You are viewing a plain text version of this content. The canonical link for it is here.
Posted to commits@manifoldcf.apache.org by kw...@apache.org on 2015/09/08 20:53:58 UTC
svn commit: r1701852 - in
/manifoldcf/branches/CONNECTORS-1233/connectors/amazons3/connector/src/main/java/org/apache/manifoldcf/crawler/connectors/amazons3:
AmazonS3Connector.java GenericDocumentProcess.java
Author: kwright
Date: Tue Sep 8 18:53:58 2015
New Revision: 1701852
URL: http://svn.apache.org/r1701852
Log:
Add exception handling
Modified:
manifoldcf/branches/CONNECTORS-1233/connectors/amazons3/connector/src/main/java/org/apache/manifoldcf/crawler/connectors/amazons3/AmazonS3Connector.java
manifoldcf/branches/CONNECTORS-1233/connectors/amazons3/connector/src/main/java/org/apache/manifoldcf/crawler/connectors/amazons3/GenericDocumentProcess.java
Modified: manifoldcf/branches/CONNECTORS-1233/connectors/amazons3/connector/src/main/java/org/apache/manifoldcf/crawler/connectors/amazons3/AmazonS3Connector.java
URL: http://svn.apache.org/viewvc/manifoldcf/branches/CONNECTORS-1233/connectors/amazons3/connector/src/main/java/org/apache/manifoldcf/crawler/connectors/amazons3/AmazonS3Connector.java?rev=1701852&r1=1701851&r2=1701852&view=diff
==============================================================================
--- manifoldcf/branches/CONNECTORS-1233/connectors/amazons3/connector/src/main/java/org/apache/manifoldcf/crawler/connectors/amazons3/AmazonS3Connector.java (original)

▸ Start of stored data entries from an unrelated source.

lemma L_cocycle_zero_shift_coeffs:
  assumes "L_cocycle 0 \<Delta> f" and "\<Delta> \<noteq> 0"
  shows "f = monom (coeff f 1) 1 + monom (coeff f 2) 2 + monom (coeff f 3) 3"
    and "(1 - \<Delta>) * coeff f 2 = 0" and "(2 - \<Delta>) * coeff f 3 = 0"
proof -
  have "\<Delta> * poly f 0 = 0"
    using assms(1)[unfolded L_cocycle_def, rule_format, of 1 0] by simp
  then have f0: "coeff f 0 = 0"
    using \<open>\<Delta> \<noteq> 0\<close> by (simp add: poly_0_coeff_0)
  have deriv1: "(of_nat n + 1 - \<Delta>) * coeff f (n + 2) = 0" for n
    using arg_cong[OF L_cocycle_zero_shift_pderiv_eqs(1)[OF assms(1)], of "\<lambda>p. coeff p (Suc (Suc n))"]
    by (simp add: coeff_pderiv algebra_simps)
  have deriv2: "of_nat ((n + 3) * n) * coeff f (n + 3) = 0" for n
    using arg_cong[OF L_cocycle_zero_shift_pderiv_eqs(2)[OF assms(1)], of "\<lambda>p. coeff p (Suc (Suc n))"]
    by (simp add: coeff_pderiv algebra_simps numeral_3_eq_3)
  have high: "coeff f n = 0" if "4 \<le> n" for n
  proof -
    have n: "n = Suc (n - 4) + 3"
      using that by simp
    have "of_nat ((Suc (n - 4) + 3) * Suc (n - 4)) \<noteq> (0 :: complex)"
      by (simp only: of_nat_eq_0_iff) simp
    then show ?thesis
      using deriv2[of "Suc (n - 4)"] that by (simp flip: n)
  qed
  show "(1 - \<Delta>) * coeff f 2 = 0"
    using deriv1[of 0] by (simp add: numeral_2_eq_2)
  show "(2 - \<Delta>) * coeff f 3 = 0"
    using deriv1[of 1] by (simp add: numeral_3_eq_3)
  show "f = monom (coeff f 1) 1 + monom (coeff f 2) 2 + monom (coeff f 3) 3"
  proof (rule poly_eqI)
    fix n
    show "coeff f n = coeff (monom (coeff f 1) 1 + monom (coeff f 2) 2 + monom (coeff f 3) 3) n"
      using f0 high[of n] by (cases "n \<le> 3") (auto simp: coeff_monom le_Suc_eq numeral_3_eq_3 numeral_2_eq_2)
  qed
qed

lemma LN_cocycle_zero_shift:
  assumes "LN_cocycle 0 0 \<Delta> f k" and "\<Delta> \<noteq> 0"
  shows "k = monom (poly k 1) 1" and "(1 - \<Delta>) * poly k 1 = 0"
proof -
  define k1 where "k1 = poly k 1"
  have LN: "(m + \<Delta> * l) * poly k m = m * poly k (l + m)" for l m
    using assms(1)[unfolded LN_cocycle_def, rule_format, of l m] by simp
  have k: "poly k t = (1 + \<Delta> * (t - 1)) * k1" for t
    using LN[where l = "t - 1" and m = 1] by (simp add: k1_def)
  have "poly k 0 = 0"
    using LN[where l = 1 and m = 0] \<open>\<Delta> \<noteq> 0\<close> by simp
  then show "(1 - \<Delta>) * poly k 1 = 0"
    using k[of 0] by (simp add: k1_def)
  then show "k = monom (poly k 1) 1"
    by (intro poly_ext) (auto simp: k poly_monom algebra_simps simp flip: k1_def)
qed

+++ manifoldcf/branches/CONNECTORS-1233/connectors/amazons3/connector/src/main/java/org/apache/manifoldcf/crawler/connectors/amazons3/AmazonS3Connector.java Tue Sep 8 18:53:58 2015
@@ -180,8 +180,9 @@ public class AmazonS3Connector extends B
* Get the Amazons3 client, relevant access keys should have been posted
* already
* @return
+ * @throws ManifoldCFException
*/
- protected AmazonS3 getClient() {
+ protected AmazonS3 getClient() throws ManifoldCFException {
if (amazonS3 == null) {
try {
BasicAWSCredentials awsCreds = new BasicAWSCredentials(
@@ -191,7 +192,8 @@ public class AmazonS3Connector extends B
catch (Exception e) {
Logging.connectors
.error("Error while amazon s3 connectionr", e);
-
+ throw new ManifoldCFException(
+ "Amazon client can not connect at the moment",e.getCause());
}
}
lastSessionFetch = System.currentTimeMillis();
@@ -612,12 +614,12 @@ public class AmazonS3Connector extends B
if (unparsedBuckets != null && StringUtils.isNotEmpty(unparsedBuckets))
bucketsToRemove = unparsedBuckets.split(BUCKET_SPLITTER);
// get seeds
- GeedSeeds(activities, bucketsToRemove);
+ getSeeds(activities, bucketsToRemove);
return new Long(seedTime).toString();
}
- private void GeedSeeds(ISeedingActivity activities, String[] buckets)
+ private void getSeeds(ISeedingActivity activities, String[] buckets)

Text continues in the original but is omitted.